That said, your application may need to call other services, other databases, etc., and because of that, you will need to access your network. But we’ll see that the service mesh will help you fixing that. So that’s the purpose of the service mesh.
The service mesh itself is split in 2 layers. One layer is a control plane, and the other layer is the data plane. Of course, as you may understand, Consul would be the control plane and HAProxy would be the data plane.
» Main features of a service mesh
The most important is service discovery, of course, because your application has to reach out to other services, so it has to find out where those services are located. The idea is that you want it to be as transparent as possible.
Service discovery means that your service mesh will maintain a list of endpoints available for whichever service you want to reach out to, and it’s going to allow you to get connected to that service.
The purpose of load balancing is to achieve high availability and to spread the load over your multiple nodes delivering a specific service.
This is when you want to cipher your traffic on the way out so that you are sure that nobody can inspect it. It’s quite important nowadays, because more and more people are deploying their application on premises and/or on multiple clouds. As soon as you cross the internet, as soon as you are on an untrusted network, then you want to cipher everything outside your box.
We are speaking about HTTP routing. We are not speaking about Layer 3 routing, BGP, etc. The idea is that when you have service-to-service and some of your services don’t really know where to find the other ones, they will speak to HAProxy, and HAProxy will say, “For this URL path, for this whatever, I want to go to this service.” That’s what we call HTTP routing.
Authentication is when you want to ensure who people are, and you want to trust who they are, and you want to allow them to trust who you are.

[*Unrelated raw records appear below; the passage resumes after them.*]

(* Let $H$ be a real Hilbert space, $I=\{1,\dots,M\}$, let $f_i,h_i,T_i$ ($i\in I$) satisfy Assumption (A1)–(A4) and the parameters satisfy Condition (C) (both described below). Consider the sequences generated by the Distributed Accelerated Incremental Algorithm below, and assume that for each $i\in I$ the sequence $\{y^{(i)}_n\}$ is bounded. Then the sequences $\{T_i(y^{(i)}_n)\}$, $\{x_n\}$, $\{w^{(i)}_n\}$, $\{z^{(i)}_n\}$ and $\{d^{(i)}_n\}$ ($i\in I$) are bounded.
   Context: Assumption (A1): each $f_i:H\to\mathbb{R}$ is continuous and convex. (A2): each $h_i:H\to\mathbb{R}$ is convex and Fréchet differentiable, and $\nabla h_i$ is $(1/L_i)$-Lipschitz continuous for some $L_i>0$. (A3): each $T_i:H\to H$ is firmly nonexpansive, i.e. $\|T_ix-T_iy\|^2\le\langle T_ix-T_iy,x-y\rangle$ for all $x,y$. (A4): $S=\bigcap_{i=1}^M\mathrm{Fix}\,T_i\neq\emptyset$ and, with $\psi=\sum_{i=1}^M(f_i+h_i)$, $\Omega=\{\hat x\in S:\psi(\hat x)=\min_{x\in S}\psi(x)\}\neq\emptyset$. Condition (C): $\{\theta_n\},\{\lambda_n\},\{\beta_n\},\{\alpha_n\}$ are decreasing real sequences converging to $0$ with $\theta_n\in[0,1)$, $\lambda_n\in(0,2\min_{i\in I}L_i]$, $\beta_n\in(0,1]$, $\alpha_n\in(0,1]$, and: (C1) $\sum_n\alpha_n=\infty$; (C2) $\lim_n\frac{1}{\alpha_{n+1}}\big|\frac{1}{\lambda_{n+1}}-\frac{1}{\lambda_n}\big|=0$; (C3) $\lim_n\frac{1}{\lambda_{n+1}}\big|1-\frac{\alpha_n}{\alpha_{n+1}}\big|=0$; (C4) $\lim_n\frac{\alpha_n}{\lambda_n}=0$; (C5) $\lim_n\frac{\theta_n}{\alpha_{n+1}\lambda_{n+1}}=0$; (C6) $\frac{\lambda_n}{\lambda_{n+1}}\le\sigma$ for some $\sigma\ge1$; (C7) $\lim_n\frac{\beta_n}{\alpha_{n+1}}=0$. $\mathrm{prox}_{\lambda g}(x)=\arg\min_y\{g(y)+\frac{1}{2\lambda}\|x-y\|^2\}$. Distributed Accelerated Incremental Algorithm: choose $x_1\in H$, $w^{(i)}_0,z^{(i)}_0,u^{(i)}\in H$ and set $d^{(i)}_1=-\nabla h_i(z^{(i)}_0)$ ($i\in I$). For $n=1,2,\dots$: set $w^{(1)}_n=x_n$; for $i=1,\dots,M$ compute $z^{(i)}_n=w^{(i)}_n+\theta_n(w^{(i)}_n-w^{(i)}_{n-1})$, $d^{(i)}_{n+1}=-\nabla h_i(z^{(i)}_n)+\beta_nd^{(i)}_n$, $y^{(i)}_n=\mathrm{prox}_{\lambda_nf_i}(z^{(i)}_n+\lambda_nd^{(i)}_{n+1})$, $w^{(i+1)}_n=\alpha_nu^{(i)}+(1-\alpha_n)T_i(y^{(i)}_n)$; then set $x_{n+1}=w^{(M+1)}_n$. *)

theory Defs
  imports "HOL-Analysis.Analysis"
begin

text \<open>Proximal operator: prox_{lam g}(x) = argmin_y { g y + (1/(2 lam)) * norm(x - y)^2 }.
  For continuous convex g and lam > 0 on a Hilbert space the minimiser exists and is unique.\<close>
definition prox :: "real \<Rightarrow> ('a::real_normed_vector \<Rightarrow> real) \<Rightarrow> 'a \<Rightarrow> 'a" where
  "prox lam g x = (SOME y. \<forall>v. g y + (1 / (2 * lam)) * (norm (x - y))\<^sup>2
                               \<le> g v + (1 / (2 * lam)) * (norm (x - v))\<^sup>2)"

definition firmly_nonexpansive :: "('a::real_inner \<Rightarrow> 'a) \<Rightarrow> bool" where
  "firmly_nonexpansive T \<longleftrightarrow> (\<forall>x y. (norm (T x - T y))\<^sup>2 \<le> inner (T x - T y) (x - y))"

definition Fix :: "('a \<Rightarrow> 'a) \<Rightarrow> 'a set" where
  "Fix T = {x. T x = x}"

end

theory Submission
  imports Defs
begin

text \<open>Only the nonexpansiveness of the \<open>T i\<close> and the Lipschitz continuity of the
  gradients enter.
  Lipschitz maps send bounded sets to bounded sets, so the bound on \<open>y i\<close> passes to
  \<open>T i \<circ> y i\<close>, then to the convex combinations \<open>w (i + 1)\<close>, to \<open>x\<close> and to the
  inertial points \<open>z i\<close>.  The directions obey \<open>d i (n + 1) = g n + \<beta> n *\<^sub>R d i n\<close> with
  \<open>g\<close> bounded and eventually \<open>\<beta> n \<le> 1/2\<close>, a contracting recursion, so they stay bounded.\<close>

lemma firmly_nonexpansive_imp_lipschitz:
  assumes "firmly_nonexpansive T"
  shows "1-lipschitz_on S T"
proof (rule lipschitz_onI)
  fix a b
  have "(norm (T a - T b))\<^sup>2 \<le> inner (T a - T b) (a - b)"
    using assms unfolding firmly_nonexpansive_def by blast
  also have "\<dots> \<le> norm (T a - T b) * norm (a - b)"
    by (rule norm_cauchy_schwarz)
  finally have "norm (T a - T b) * norm (T a - T b) \<le> norm (T a - T b) * norm (a - b)"
    by (simp add: power2_eq_square)
  then have "norm (T a - T b) \<le> norm (a - b)"
    by (cases "norm (T a - T b) = 0") (auto simp: mult_le_cancel_left)
  then show "dist (T a) (T b) \<le> 1 * dist a b"
    by (simp add: dist_norm)
qed simp

lemma bounded_lipschitz_image:
  assumes "C-lipschitz_on S f" "bounded S"
  shows "bounded (f ` S)"
proof -
  obtain e where e: "\<forall>a\<in>S. \<forall>b\<in>S. dist a b \<le> e"
    using \<open>bounded S\<close> bounded_two_points by blast
  have "dist (f a) (f b) \<le> C * e" if "a \<in> S" "b \<in> S" for a b
    using lipschitz_onD[OF assms(1) that] e that lipschitz_on_nonneg[OF assms(1)]
    by (meson mult_left_mono order_trans)
  then show ?thesis
    unfolding bounded_two_points by blast
qed

lemma bounded_range_iff_bounded_tail:
  fixes f :: "nat \<Rightarrow> 'a::metric_space"
  shows "bounded (range f) \<longleftrightarrow> bounded (f ` {k..})"
proof -
  have "{..<k} \<union> {k..} = (UNIV :: nat set)"
    by auto
  then have "range f = f ` {..<k} \<union> f ` {k..}"
    by (metis image_Un)
  then show ?thesis
    by (simp add: finite_imp_bounded)
qed

lemma bounded_image_convex_combination:
  fixes a :: "nat \<Rightarrow> 'a::real_normed_vector"
  assumes "bounded (a ` S)" "\<And>n. n \<in> S \<Longrightarrow> 0 \<le> \<alpha> n \<and> \<alpha> n \<le> 1"
  shows "bounded ((\<lambda>n. \<alpha> n *\<^sub>R c + (1 - \<alpha> n) *\<^sub>R a n) ` S)"
proof (rule bounded_subset)
  let ?H = "convex hull (insert c (a ` S))"
  show "bounded ?H"
    using assms(1) by (simp add: bounded_convex_hull)
  have "\<alpha> n *\<^sub>R c + (1 - \<alpha> n) *\<^sub>R a n \<in> ?H" if "n \<in> S" for n
  proof (rule convexD[OF convex_convex_hull])
    show "c \<in> ?H" "a n \<in> ?H"
      using that by (auto intro: hull_inc)
  qed (use assms(2)[OF that] in auto)
  then show "(\<lambda>n. \<alpha> n *\<^sub>R c + (1 - \<alpha> n) *\<^sub>R a n) ` S \<subseteq> ?H"
    by blast
qed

Authorization would be firewalling, like allowing or denying service-to-service discussion.
Circuit breaking is the function which allows you to check if a service is available or not, to make routing decisions based on that. Stake and node are in the same pool, etc.
From an infrastructure point of view, you have 3 main components. One is your central service registry that will house your configuration. Then, on each of your machines—by machine I mean a box where you have an application, so that could be a VM, that could be a bare-metal server, that could be a container, a pod in Kubernates, etc.—your registry server will ensure the consistency of your global configuration, etc.
Then you have the registry adjunct that will run inside your box or machine. The purpose of the adjunct is just to be a gateway between the sidecar proxy and the central server. It manages a configuration of the local proxy as well, so you will have to tell it what services it’s supposed to access locally and what upstream services it’s supposed to get connected to for the local service.
Then we have the sidecar proxy. The sidecar proxy is a software load balancer. It ensures that the ingress traffic is trusted and can reach the local service, and it also does service discovery, load balancing, etc., of the upstream services that this local service wants to get connected to.
» What happens with the service mesh
Now, what happens? I have a client who wants to use my Service A (that could be whatever). This client will get connected to an external IP that I call “EIP,” which is hosted by the sidecar proxy. The sidecar proxy will do what it has to do. (We are going to define this a bit later, mutual TLS authentication, etc.) If the traffic is allowed to come in, it’s going to forward it to the local application node. If your application has to unswell, it’s going to unswell back to the sidecar proxy.
If your local Application A wants to talk to Service B, hosted on another pod, container, VM, whatever, then it’s going to talk to the load back where your sidecar proxy will be listening for the traffic. Then your sidecar proxy will get connected to the other sidecar proxy, doing the mutual TLS authentication, and then the other service will allow the traffic to go into the local service as well.
Service A could be a Node.js application. Service B could be Redis, a database, whatever you want.
» Advantages of the service mesh
First, as we said that we want to split business application from network functions, proxies are a positive return to managed network. That’s why the sidecar proxy would make sense in that part.
The idea is that all your service-to-service communication will be very simple to make. You will just rely on the sidecar proxy. That will do everything for you.
Proxy will also come with built-in support functions for most of the requirements we see in the first slide. So, HTTP routing, handshaking, load balancing, etc.
Also, last point, which is very important, you can let your application focus on your business and not on your network.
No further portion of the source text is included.